- [WORK INSTRUCTIONS] Return, word for word, the lines of the listing below from the one with "using that by (auto simp: phi_def)" through the one with "(pred j) = b", and no other lines.

- [EXTRACTED ENTRIES]
■ ■ ■ ■ ■ ■ ■

lemma edge_weights_whisker [simp]: "k < n \<Longrightarrow> edge_weights a b (whisker k) = b k"
  by (simp add: edge_weights_def whisker_inject cycle_edge_neq_whisker[symmetric])

lemma edge_weights_outside: "e \<notin> G \<Longrightarrow> edge_weights a b e = 0"
  by (auto simp: edge_weights_def whiskered_cycle_eq intro!: sum.neutral)

lemma edge_weights_of_restriction:
  assumes "\<And>e. e \<notin> G \<Longrightarrow> f e = 0"
  shows "edge_weights (\<lambda>k. f (cycle_edge k)) (\<lambda>k. f (whisker k)) = f"
proof
  fix e show "edge_weights (\<lambda>k. f (cycle_edge k)) (\<lambda>k. f (whisker k)) e = f e"
    using assms edge_weights_outside by (cases "e \<in> G") (auto simp: whiskered_cycle_eq)
qed

lemma edge_weights_cong:
  "(\<And>k. k < n \<Longrightarrow> a k = a' k) \<Longrightarrow> (\<And>k. k < n \<Longrightarrow> b k = b' k) \<Longrightarrow>
     edge_weights a b = edge_weights a' b'"
  unfolding edge_weights_def by (intro ext sum.cong) auto

lemma continuous_map_edge_weights:
  assumes "\<And>k. k < n \<Longrightarrow> continuous_map Z euclideanreal (\<lambda>z. a z k)"
    and "\<And>k. k < n \<Longrightarrow> continuous_map Z euclideanreal (\<lambda>z. b z k)"
  shows "continuous_map Z euclideanreal (\<lambda>z. edge_weights (a z) (b z) e)"
proof -
  have if_const: "continuous_map Z euclideanreal (\<lambda>z. if P then g z else 0)"
    if "P \<Longrightarrow> continuous_map Z euclideanreal g" for P and g :: "_ \<Rightarrow> real"
    using that by (cases P) simp_all
  show ?thesis
    unfolding edge_weights_def using assms by (intro continuous_map_sum continuous_map_add if_const) auto
qed

definition nonneg_weights :: "(nat \<Rightarrow> real) \<Rightarrow> (nat \<Rightarrow> real) \<Rightarrow> bool" where
  "nonneg_weights a b \<longleftrightarrow> (\<forall>k<n. 0 \<le> a k \<and> 0 \<le> b k)"

definition two_matching_weights :: "(nat \<Rightarrow> real) \<Rightarrow> (nat \<Rightarrow> real) \<Rightarrow> bool" where
  "two_matching_weights a b \<longleftrightarrow> (\<forall>j<n. a (pred j) = 0 \<or> a j = 0 \<or> b j = 0)"

definition total_weight :: "(nat \<Rightarrow> real) \<Rightarrow> (nat \<Rightarrow> real) \<Rightarrow> real" where
  "total_weight a b = (\<Sum>k<n. a k + b k)"

lemma nonneg_weights_divide:
  "nonneg_weights a b \<Longrightarrow> 0 < c \<Longrightarrow> nonneg_weights (\<lambda>k. a k / c) (\<lambda>k. b k / c)"
  by (simp add: nonneg_weights_def)

lemma two_matching_weights_divide:
  "two_matching_weights a b \<Longrightarrow> two_matching_weights (\<lambda>k. a k / c) (\<lambda>k. b k / c)"
  by (auto simp: two_matching_weights_def)

lemma total_weight_divide: "total_weight (\<lambda>k. a k / c) (\<lambda>k. b k / c) = total_weight a b / c"
  by (simp add: total_weight_def add_divide_distrib sum_divide_distrib)

lemma topspace_realization_iff:
  "f \<in> topspace X \<longleftrightarrow> (\<forall>e. e \<notin> G \<longrightarrow> f e = 0) \<and>
     nonneg_weights (\<lambda>k. f (cycle_edge k)) (\<lambda>k. f (whisker k)) \<and>
     two_matching_weights (\<lambda>k. f (cycle_edge k)) (\<lambda>k. f (whisker k)) \<and>
     total_weight (\<lambda>k. f (cycle_edge k)) (\<lambda>k. f (whisker k)) = 1"
proof -
  have "f \<in> topspace X \<longleftrightarrow>
          (\<forall>e. 0 \<le> f e) \<and> {e. f e \<noteq> 0} \<in> two_matching_complex G \<and> sum f G = 1"
    by (rule topspace_geometric_realization[OF finite_whiskered_cycle])
       (simp add: two_matching_complex_def two_matching_def)
  then have "f \<in> topspace X \<longleftrightarrow> (\<forall>e. 0 \<le> f e) \<and> two_matching G {e. f e \<noteq> 0} \<and> sum f G = 1"
    by (simp add: two_matching_complex_def)
  moreover have "(\<forall>e. 0 \<le> f e) \<longleftrightarrow> nonneg_weights (\<lambda>k. f (cycle_edge k)) (\<lambda>k. f (whisker k))"
    if vanish: "\<forall>e. e \<notin> G \<longrightarrow> f e = 0"
  proof
    assume nn: "nonneg_weights (\<lambda>k. f (cycle_edge k)) (\<lambda>k. f (whisker k))"
    show "\<forall>e. 0 \<le> f e"
    proof
      fix e show "0 \<le> f e"
        using vanish nn by (cases "e \<in> G") (auto simp: nonneg_weights_def whiskered_cycle_eq)
    qed
  qed (simp add: nonneg_weights_def)
  ultimately show ?thesis
    by (auto simp: two_matching_whiskered_cycle_iff two_matching_weights_def total_weight_def
        sum_whiskered_cycle)
qed

lemma edge_weights_in_realization:
  assumes "nonneg_weights a b" "two_matching_weights a b" "total_weight a b = 1"
  shows "edge_weights a b \<in> topspace X"
proof -
  have "total_weight (\<lambda>k. edge_weights a b (cycle_edge k)) (\<lambda>k. edge_weights a b (whisker k)) =
          total_weight a b"
    unfolding total_weight_def by (intro sum.cong) auto
  then show ?thesis
    using assms pred_less
    by (auto simp: topspace_realization_iff edge_weights_outside nonneg_weights_def
        two_matching_weights_def)
qed

definition phi :: "(nat \<Rightarrow> real) \<Rightarrow> (nat \<Rightarrow> real) \<Rightarrow> nat \<Rightarrow> real" where
  "phi a b k = (if k < n then a k - b k - b (succ k) else 0)"

lemma phi_linear:
  "phi (\<lambda>k. s * a k + t * a' k) (\<lambda>k. s * b k + t * b' k) k = s * phi a b k + t * phi a' b' k"
  by (simp add: phi_def algebra_simps)

lemma phi_cong:
  "(\<And>k. k < n \<Longrightarrow> a k = a' k) \<Longrightarrow> (\<And>k. k < n \<Longrightarrow> b k = b' k) \<Longrightarrow> phi a b = phi a' b'"
  by (auto simp: phi_def succ_less)

text \<open>If \<open>phi a b = 0\<close>, every cycle edge weighs as much as the whiskers at its two ends;
  a positive whisker \<open>b j\<close> then forces both cycle edges at \<open>j\<close> to be positive as well.\<close>
lemma phi_nonzero:
  assumes nn: "nonneg_weights a b" and tm: "two_matching_weights a b"
    and total: "total_weight a b \<noteq> 0"
  shows "\<exists>k<n. phi a b k \<noteq> 0"
proof (rule ccontr)
  assume "\<not> (\<exists>k<n. phi a b k \<noteq> 0)"
  then have a_eq: "a k = b k + b (succ k)" if "k < n" for k
    using that by (auto simp: phi_def)
  have b0: "b j = 0" if j: "j < n" for j
  proof (rule ccontr)
    assume "b j \<noteq> 0"
    moreover have "0 \<le> b j" "0 \<le> b (succ j)" "0 \<le> b (pred j)"
      using nn j succ_less pred_less by (auto simp: nonneg_weights_def)
    moreover have "a (pred j) = b (pred j) + b j"
      using a_eq[OF pred_less[OF j]] succ_pred[OF j] by simp
    moreover have "a (pred j) = 0 \<or> a j = 0 \<or> b j = 0"
      using tm j by (auto simp: two_matching_weights_def)
    ultimately show False using a_eq[OF j] by linarith
  qed
  then have "a k = 0" if "k < n" for k
    using a_eq[OF that] succ_less[OF that] b0 that by simp
  with b0 have "total_weight a b = 0" by (simp add: total_weight_def)
  with total show False ..
qed

text \<open>The retraction onto the complex peels equal amounts \<open>peel a b j\<close> off the three edges at
  each cycle vertex \<open>j\<close>; this does not change \<open>phi\<close>. Going once around the cycle, as much as
  possible is peeled at each vertex, given what vertex \<open>j - 1\<close> (and, for the last vertex, vertex
  \<open>0\<close>) has already taken from the shared cycle edges.\<close>
fun peel :: "(nat \<Rightarrow> real) \<Rightarrow> (nat \<Rightarrow> real) \<Rightarrow> nat \<Rightarrow> real" where
  "peel a b 0 = min (b 0) (min (a (n - 1)) (a 0))"
| "peel a b (Suc j) = min (b (Suc j))
     (min (a j - peel a b j) (a (Suc j) - (if Suc j = n - 1 then peel a b 0 else 0)))"

definition trim_cycle :: "(nat \<Rightarrow> real) \<Rightarrow> (nat \<Rightarrow> real) \<Rightarrow> nat \<Rightarrow> real" where
  "trim_cycle a b k = a k - peel a b k - peel a b (succ k)"

definition trim_whisker :: "(nat \<Rightarrow> real) \<Rightarrow> (nat \<Rightarrow> real) \<Rightarrow> nat \<Rightarrow> real" where
  "trim_whisker a b k = b k - peel a b k"

lemma peel_bounds:
  assumes nn: "nonneg_weights a b" and "j < n"
  shows "0 \<le> peel a b j \<and> peel a b j \<le> b j \<and>
           peel a b j \<le> a j - (if j = n - 1 then peel a b 0 else 0)"
  using assms(2)
proof (induction j)
  case 0
  then show ?case using nn three_le by (auto simp: nonneg_weights_def)
next
  case (Suc j)
  define c where "c = a (Suc j) - (if Suc j = n - 1 then peel a b 0 else 0)"
  have peel_Suc: "peel a b (Suc j) = min (b (Suc j)) (min (a j - peel a b j) c)"
    by (simp add: c_def)
  have "peel a b 0 \<le> a (n - 1)" by (simp add: min_le_iff_disj)
  then have "0 \<le> c"
    using nn Suc.prems by (auto simp: c_def nonneg_weights_def simp del: peel.simps)
  moreover have "0 \<le> a j - peel a b j"
    using Suc by (simp del: peel.simps split: if_splits)
  moreover have "0 \<le> b (Suc j)"
    using nn Suc.prems by (simp add: nonneg_weights_def)
  ultimately show ?case
    unfolding c_def[symmetric] peel_Suc by (simp add: min_le_iff_disj)
qed

lemma phi_trim: "phi (trim_cycle a b) (trim_whisker a b) = phi a b"
  by (auto simp: phi_def trim_cycle_def trim_whisker_def)

lemma nonneg_trim:
  assumes nn: "nonneg_weights a b"
  shows "nonneg_weights (trim_cycle a b) (trim_whisker a b)"
  unfolding nonneg_weights_def
proof (intro allI impI conjI)
  fix k assume k: "k < n"
  have "peel a b (succ k) \<le> a k - peel a b k"
  proof (cases "Suc k = n")
    case True
    then have "succ k = 0" "k = n - 1" by (auto simp: succ_def)
    with peel_bounds[OF nn k] show ?thesis by (simp del: peel.simps)
  next
    case False
    then show ?thesis by (simp add: succ_def min_le_iff_disj)
  qed
  with peel_bounds[OF nn k] show "0 \<le> trim_cycle a b k" "0 \<le> trim_whisker a b k"
    by (simp_all add: trim_cycle_def trim_whisker_def del: peel.simps)
qed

■ ■ ■ ■ ■ ■ ■

- [WRITTEN REPLY]
    using that by (auto simp: phi_def)
  have b0: "b j = 0" if j: "j < n" for j
  proof (rule ccontr)
    assume "b j \<noteq> 0"
    moreover have "0 \<le> b j" "0 \<le> b (succ j)" "0 \<le> b (pred j)"
      using nn j succ_less pred_less by (auto simp: nonneg_weights_def)
    moreover have "a (pred j) = b (pred j) + b j"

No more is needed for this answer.